Dedoussis George V Z, Schmidt Hartmut, Genschel Janine
Department of Science Dietetics-Nutrition, Harokopio University of Athens, Athens, Greece.
Hum Mutat. 2004 Dec;24(6):443-59. doi: 10.1002/humu.20105.
Familial hypercholesterolemia (FH) is a clinical definition for a remarkable increase of cholesterol serum concentration, presence of xanthomas, and an autosomal dominant trait of either increased serum cholesterol or premature coronary artery disease (CAD). The identification of the low-density lipoprotein (LDL)-receptor (LDLR) as the underlying cause and its genetic characterization in FH patients revealed more insights in the trafficking of LDL, which primarily transports cholesterol to hepatic and peripheral cells. Mutations within LDLR result in hypercholesterolemia and, subsequently, cholesterol deposition in humans to a variable degree. This confirms the pathogenetic role of LDLR and also highlights the existence of additional factors in determining the phenotype. Autosomal dominant FH is caused by LDLR deficiency and defective apolipoprotein B-100 (APOB), respectively. Heterozygosity of the LDLR is relatively common (1:500). Clinical diagnosis is highly important and genetic diagnosis may be helpful, since treatment is usually effective for this otherwise fatal disease. Very recently, mutations in PCSK9 have been also shown to cause autosomal dominant hypercholesterolemia. For autosomal recessive hypercholesterolemia, mutations within the so-called ARH gene encoding a cellular adaptor protein required for LDL transport have been identified. These insights emphasize the crucial importance of LDL metabolism intra- and extracellularly in determining LDL-cholesterol serum concentration. Herein, we focus on the published European LDLR mutation data that reflect its heterogeneity and phenotypic penetrance.

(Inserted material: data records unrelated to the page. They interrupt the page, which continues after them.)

(* Let $\mathcal{H}$ be an $n$-dimensional (real or complex) Hilbert space, let $F=\{f_i\}_{i=1}^N$ be a tight frame for $\mathcal{H}$, and let $\{q_i\}_{i=1}^N$ be the weight number sequence associated with a probability sequence $\{p_i\}_{i=1}^N$. Then $S_F^{-1}F$ is the unique 1-erasure probabilistic optimal dual (POD) of $F$ if and only if $S_F^{-1}F$ is the unique 1-erasure PASOD-frame of $F$ (i.e. $\Delta_F^{(1)}=\{S_F^{-1}F\}$).
   Context: A finite sequence $F=\{f_i\}_{i=1}^N$ in $\mathcal{H}$ is a frame if there are $A,B>0$ with $A\|f\|^2\le\sum_{i=1}^N|\langle f,f_i\rangle|^2\le B\|f\|^2$ for all $f$; it is tight if one can take $A=B$. The frame operator is $S_Ff=\sum_{i=1}^N\langle f,f_i\rangle f_i$ and the canonical dual is $S_F^{-1}F=\{S_F^{-1}f_i\}_{i=1}^N$. A frame $G=\{g_i\}_{i=1}^N$ is a dual of $F$ if $f=\sum_i\langle f,f_i\rangle g_i=\sum_i\langle f,g_i\rangle f_i$ for all $f$. A probability sequence is $\{p_i\}_{i=1}^N$ with $0\le p_i\le1$, $\sum p_i=1$; weight numbers $q_i=\frac{\sum_{j} p_j}{\sum_{j} p_j-p_i}\cdot\frac{N-1}{n}$. For $\Lambda\subseteq\{1,\dots,N\}$ the error operator is $E_{\Lambda,(F,G)}f=\sum_{i\in\Lambda}q_i\langle f,f_i\rangle g_i$. Set $\mathcal{O}_P^{(1)}(F,G)=\max_{|\Lambda|=1}\|E_{\Lambda,(F,G)}\|$ and $\mathcal{A}_P^{(1)}(F,G)=\max_{|\Lambda|=1}\frac{\|E_{\Lambda,(F,G)}\|+\rho(E_{\Lambda,(F,G)})}{2}$ ($\rho$ = spectral radius). A dual $G$ of $F$ is a 1-erasure POD of $F$ if it minimizes $\mathcal{O}_P^{(1)}(F,\cdot)$ over all duals of $F$, and a 1-erasure PASOD-frame if it minimizes $\mathcal{A}_P^{(1)}(F,\cdot)$ over all duals of $F$; $\Delta_F^{(1)}$ is the set of 1-erasure PASOD-frames of $F$. *)

theory Defs
  imports "HOL-Analysis.Analysis"
begin

text \<open>Scalars of the Hilbert space: real or complex. hconj is the complex conjugation
 (identity on the reals); to_cplx embeds the scalars into the complex numbers (used only
 to define the spectral radius via complex eigenvalues, i.e. via the complexification).\<close>

class hscalar = real_normed_field +
  fixes hconj :: "'a \<Rightarrow> 'a" and to_cplx :: "'a \<Rightarrow> complex"

instantiation real :: hscalar
begin
definition hconj_real :: "real \<Rightarrow> real" where "hconj_real x = x"
definition to_cplx_real :: "real \<Rightarrow> complex" where "to_cplx_real x = complex_of_real x"
instance ..
end

instantiation complex :: hscalar
begin
definition hconj_complex :: "complex \<Rightarrow> complex" where "hconj_complex x = cnj x"
definition to_cplx_complex :: "complex \<Rightarrow> complex" where "to_cplx_complex x = x"
instance ..
end

text \<open>The n-dimensional Hilbert space is 'a^'n (n = CARD('n)), with inner product
 linear in the first argument; the library norm on 'a^'n is the induced Euclidean norm.\<close>

definition hip :: "'a::hscalar^'n \<Rightarrow> 'a^'n \<Rightarrow> 'a" where
  "hip x y = (\<Sum>i\<in>UNIV. x$i * hconj (y$i))"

家族性高胆固醇血症(FH)是一种临床定义,指血清胆固醇浓度显著升高、出现黄色瘤,以及具有血清胆固醇升高或早发性冠状动脉疾病(CAD)的常染色体显性遗传特征。低密度脂蛋白(LDL)受体(LDLR)被确定为根本病因,对FH患者的基因特征分析揭示了更多关于LDL转运的见解,LDL主要将胆固醇转运至肝脏和外周细胞。LDLR内的突变会导致高胆固醇血症,进而在人体内不同程度地导致胆固醇沉积。这证实了LDLR的致病作用,也凸显了其他决定表型的因素的存在。常染色体显性遗传的FH分别由LDLR缺乏和载脂蛋白B - 100(APOB)缺陷引起。LDLR的杂合性相对常见(1:500)。临床诊断非常重要,基因诊断可能也有帮助,因为这种通常致命的疾病的治疗通常是有效的。最近,也已证明前蛋白转化酶枯草溶菌素9(PCSK9)中的突变会导致常染色体显性遗传高胆固醇血症。对于常染色体隐性遗传高胆固醇血症,已在编码LDL转运所需细胞衔接蛋白的所谓ARH基因中发现了突变。这些见解强调了细胞内和细胞外LDL代谢在决定血清LDL胆固醇浓度方面的至关重要性。在此,我们重点关注已发表的反映LDLR异质性和表型外显率的欧洲LDLR突变数据。